• _What the task asks_
Only lines with the string "notin" should be returned from the data below.

#####

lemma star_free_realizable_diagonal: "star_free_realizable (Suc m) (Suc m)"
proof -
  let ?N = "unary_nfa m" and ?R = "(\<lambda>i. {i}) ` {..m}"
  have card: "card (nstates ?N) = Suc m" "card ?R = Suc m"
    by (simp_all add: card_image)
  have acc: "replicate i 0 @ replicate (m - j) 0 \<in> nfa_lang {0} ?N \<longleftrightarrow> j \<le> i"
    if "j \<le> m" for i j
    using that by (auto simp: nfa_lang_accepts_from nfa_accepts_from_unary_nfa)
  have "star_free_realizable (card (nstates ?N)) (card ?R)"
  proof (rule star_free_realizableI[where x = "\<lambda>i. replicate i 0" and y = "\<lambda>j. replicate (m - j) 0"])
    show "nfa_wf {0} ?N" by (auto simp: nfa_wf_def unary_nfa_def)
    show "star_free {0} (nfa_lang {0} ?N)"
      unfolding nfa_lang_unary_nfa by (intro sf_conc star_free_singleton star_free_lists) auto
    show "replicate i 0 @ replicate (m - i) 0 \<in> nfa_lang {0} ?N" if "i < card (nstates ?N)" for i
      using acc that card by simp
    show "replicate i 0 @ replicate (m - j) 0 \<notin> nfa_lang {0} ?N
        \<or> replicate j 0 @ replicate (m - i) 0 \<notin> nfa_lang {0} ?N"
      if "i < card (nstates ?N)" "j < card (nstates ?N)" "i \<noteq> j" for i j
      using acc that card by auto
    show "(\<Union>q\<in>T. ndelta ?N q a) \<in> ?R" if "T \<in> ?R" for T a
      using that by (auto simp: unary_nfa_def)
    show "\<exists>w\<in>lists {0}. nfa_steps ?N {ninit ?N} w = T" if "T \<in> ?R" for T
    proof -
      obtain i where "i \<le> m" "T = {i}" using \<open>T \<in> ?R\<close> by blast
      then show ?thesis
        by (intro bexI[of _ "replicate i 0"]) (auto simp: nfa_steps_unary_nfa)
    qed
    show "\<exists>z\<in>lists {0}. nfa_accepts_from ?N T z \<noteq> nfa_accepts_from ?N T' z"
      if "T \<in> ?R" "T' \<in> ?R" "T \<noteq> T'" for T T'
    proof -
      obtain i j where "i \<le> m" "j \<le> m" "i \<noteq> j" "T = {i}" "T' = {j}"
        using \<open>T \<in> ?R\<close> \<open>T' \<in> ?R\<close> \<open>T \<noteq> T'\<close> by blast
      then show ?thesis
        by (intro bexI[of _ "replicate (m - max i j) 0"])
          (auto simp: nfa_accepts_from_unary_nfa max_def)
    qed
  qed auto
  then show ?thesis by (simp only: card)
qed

#####

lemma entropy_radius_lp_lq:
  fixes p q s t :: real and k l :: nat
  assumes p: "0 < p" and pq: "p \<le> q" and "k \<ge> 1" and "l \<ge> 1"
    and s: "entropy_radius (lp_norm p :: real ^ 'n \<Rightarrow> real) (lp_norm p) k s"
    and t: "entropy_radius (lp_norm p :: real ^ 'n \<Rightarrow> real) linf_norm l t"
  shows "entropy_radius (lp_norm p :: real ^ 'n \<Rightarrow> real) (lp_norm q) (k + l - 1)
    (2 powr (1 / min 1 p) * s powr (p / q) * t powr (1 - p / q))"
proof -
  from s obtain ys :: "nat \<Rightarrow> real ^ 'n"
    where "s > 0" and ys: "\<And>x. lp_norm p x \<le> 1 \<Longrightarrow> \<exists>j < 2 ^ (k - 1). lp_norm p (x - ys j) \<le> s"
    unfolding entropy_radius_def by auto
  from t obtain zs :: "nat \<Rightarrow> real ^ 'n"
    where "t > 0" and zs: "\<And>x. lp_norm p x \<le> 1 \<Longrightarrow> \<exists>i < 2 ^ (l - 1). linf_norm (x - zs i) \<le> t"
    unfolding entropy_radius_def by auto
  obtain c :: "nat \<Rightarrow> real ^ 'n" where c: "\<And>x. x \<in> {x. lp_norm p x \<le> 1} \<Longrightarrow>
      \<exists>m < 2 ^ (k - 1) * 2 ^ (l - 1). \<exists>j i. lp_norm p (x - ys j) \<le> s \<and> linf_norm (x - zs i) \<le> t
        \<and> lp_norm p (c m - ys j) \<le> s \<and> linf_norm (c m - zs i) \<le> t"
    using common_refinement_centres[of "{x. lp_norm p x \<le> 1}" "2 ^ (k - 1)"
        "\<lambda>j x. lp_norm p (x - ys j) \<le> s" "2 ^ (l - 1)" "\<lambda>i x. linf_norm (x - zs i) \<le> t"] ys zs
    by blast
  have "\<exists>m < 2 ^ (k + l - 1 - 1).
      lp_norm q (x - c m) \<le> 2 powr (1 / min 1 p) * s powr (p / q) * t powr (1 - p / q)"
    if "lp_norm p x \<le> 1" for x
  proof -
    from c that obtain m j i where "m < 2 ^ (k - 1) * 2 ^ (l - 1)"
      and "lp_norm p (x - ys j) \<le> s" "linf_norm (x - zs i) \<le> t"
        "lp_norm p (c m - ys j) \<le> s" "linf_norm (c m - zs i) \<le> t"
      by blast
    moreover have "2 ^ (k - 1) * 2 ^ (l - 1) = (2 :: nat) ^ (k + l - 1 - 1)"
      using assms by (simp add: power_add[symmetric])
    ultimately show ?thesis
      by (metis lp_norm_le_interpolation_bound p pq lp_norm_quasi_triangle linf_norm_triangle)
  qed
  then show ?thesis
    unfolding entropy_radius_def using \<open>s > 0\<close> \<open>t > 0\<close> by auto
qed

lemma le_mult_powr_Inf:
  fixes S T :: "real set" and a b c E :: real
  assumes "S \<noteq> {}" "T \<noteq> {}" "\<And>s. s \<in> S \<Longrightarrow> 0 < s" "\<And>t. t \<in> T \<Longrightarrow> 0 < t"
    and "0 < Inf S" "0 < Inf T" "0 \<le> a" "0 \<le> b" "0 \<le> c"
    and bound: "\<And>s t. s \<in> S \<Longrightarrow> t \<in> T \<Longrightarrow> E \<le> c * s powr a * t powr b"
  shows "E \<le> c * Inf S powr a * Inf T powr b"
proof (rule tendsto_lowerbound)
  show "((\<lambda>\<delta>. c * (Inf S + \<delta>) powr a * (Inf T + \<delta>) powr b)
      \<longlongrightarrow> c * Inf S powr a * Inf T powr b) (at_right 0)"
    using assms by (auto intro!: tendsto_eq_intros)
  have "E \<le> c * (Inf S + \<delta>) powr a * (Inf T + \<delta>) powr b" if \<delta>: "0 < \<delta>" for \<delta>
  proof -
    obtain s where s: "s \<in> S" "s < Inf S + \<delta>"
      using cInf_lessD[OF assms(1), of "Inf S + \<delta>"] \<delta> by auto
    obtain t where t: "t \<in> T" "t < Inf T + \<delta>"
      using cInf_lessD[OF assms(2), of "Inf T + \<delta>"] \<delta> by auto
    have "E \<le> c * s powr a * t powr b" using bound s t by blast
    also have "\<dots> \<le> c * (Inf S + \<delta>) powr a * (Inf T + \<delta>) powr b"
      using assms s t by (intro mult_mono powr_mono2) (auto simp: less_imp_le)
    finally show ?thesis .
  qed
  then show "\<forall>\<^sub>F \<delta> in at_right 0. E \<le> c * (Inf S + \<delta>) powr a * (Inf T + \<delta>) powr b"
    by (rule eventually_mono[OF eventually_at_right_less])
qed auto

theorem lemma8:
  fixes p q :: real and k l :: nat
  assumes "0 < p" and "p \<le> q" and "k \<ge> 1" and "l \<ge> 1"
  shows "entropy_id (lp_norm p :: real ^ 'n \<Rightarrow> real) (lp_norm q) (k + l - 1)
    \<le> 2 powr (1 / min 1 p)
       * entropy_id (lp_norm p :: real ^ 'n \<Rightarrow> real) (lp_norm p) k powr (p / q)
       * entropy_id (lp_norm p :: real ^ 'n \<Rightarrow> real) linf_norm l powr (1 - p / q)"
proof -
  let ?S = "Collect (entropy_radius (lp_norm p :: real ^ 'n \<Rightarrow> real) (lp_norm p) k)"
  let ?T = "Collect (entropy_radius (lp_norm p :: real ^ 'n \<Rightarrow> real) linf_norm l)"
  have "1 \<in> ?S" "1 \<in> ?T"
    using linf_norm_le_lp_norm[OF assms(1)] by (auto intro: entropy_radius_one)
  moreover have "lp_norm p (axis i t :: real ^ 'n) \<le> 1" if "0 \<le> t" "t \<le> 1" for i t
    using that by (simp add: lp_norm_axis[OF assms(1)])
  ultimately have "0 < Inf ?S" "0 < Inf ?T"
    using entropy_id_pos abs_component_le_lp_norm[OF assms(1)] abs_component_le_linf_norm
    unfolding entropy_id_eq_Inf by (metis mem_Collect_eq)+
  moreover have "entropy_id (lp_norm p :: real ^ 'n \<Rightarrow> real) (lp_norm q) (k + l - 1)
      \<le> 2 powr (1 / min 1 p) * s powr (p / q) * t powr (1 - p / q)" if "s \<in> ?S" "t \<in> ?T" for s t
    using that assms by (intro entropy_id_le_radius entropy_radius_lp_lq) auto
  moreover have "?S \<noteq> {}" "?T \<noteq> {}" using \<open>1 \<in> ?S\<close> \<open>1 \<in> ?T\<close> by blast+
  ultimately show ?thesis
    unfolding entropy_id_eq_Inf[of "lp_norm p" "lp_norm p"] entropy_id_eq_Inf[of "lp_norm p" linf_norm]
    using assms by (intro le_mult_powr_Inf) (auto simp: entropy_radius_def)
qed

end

#####

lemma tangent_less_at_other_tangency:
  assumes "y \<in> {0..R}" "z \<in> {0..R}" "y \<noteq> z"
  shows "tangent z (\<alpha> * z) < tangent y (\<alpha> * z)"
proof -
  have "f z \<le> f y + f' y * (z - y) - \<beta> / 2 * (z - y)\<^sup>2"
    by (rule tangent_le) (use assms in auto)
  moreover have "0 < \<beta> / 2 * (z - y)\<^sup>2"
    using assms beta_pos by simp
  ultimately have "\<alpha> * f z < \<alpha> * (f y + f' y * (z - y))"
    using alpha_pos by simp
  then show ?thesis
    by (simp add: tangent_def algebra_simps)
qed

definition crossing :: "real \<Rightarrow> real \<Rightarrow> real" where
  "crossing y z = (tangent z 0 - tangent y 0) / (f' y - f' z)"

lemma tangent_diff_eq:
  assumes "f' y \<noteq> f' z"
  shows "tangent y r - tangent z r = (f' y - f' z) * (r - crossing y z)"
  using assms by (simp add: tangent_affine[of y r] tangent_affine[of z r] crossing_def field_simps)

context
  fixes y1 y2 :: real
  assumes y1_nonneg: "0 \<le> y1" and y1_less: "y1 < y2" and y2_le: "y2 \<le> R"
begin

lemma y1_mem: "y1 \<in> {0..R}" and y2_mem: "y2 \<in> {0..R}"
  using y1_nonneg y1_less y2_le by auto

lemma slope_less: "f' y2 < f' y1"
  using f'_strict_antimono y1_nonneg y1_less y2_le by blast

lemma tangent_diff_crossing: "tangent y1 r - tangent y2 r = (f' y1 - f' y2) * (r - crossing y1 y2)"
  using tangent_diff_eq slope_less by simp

#####

• _Task response_
    show "replicate i 0 @ replicate (m - j) 0 \<notin> nfa_lang {0} ?N
        \<or> replicate j 0 @ replicate (m - i) 0 \<notin> nfa_lang {0} ?N"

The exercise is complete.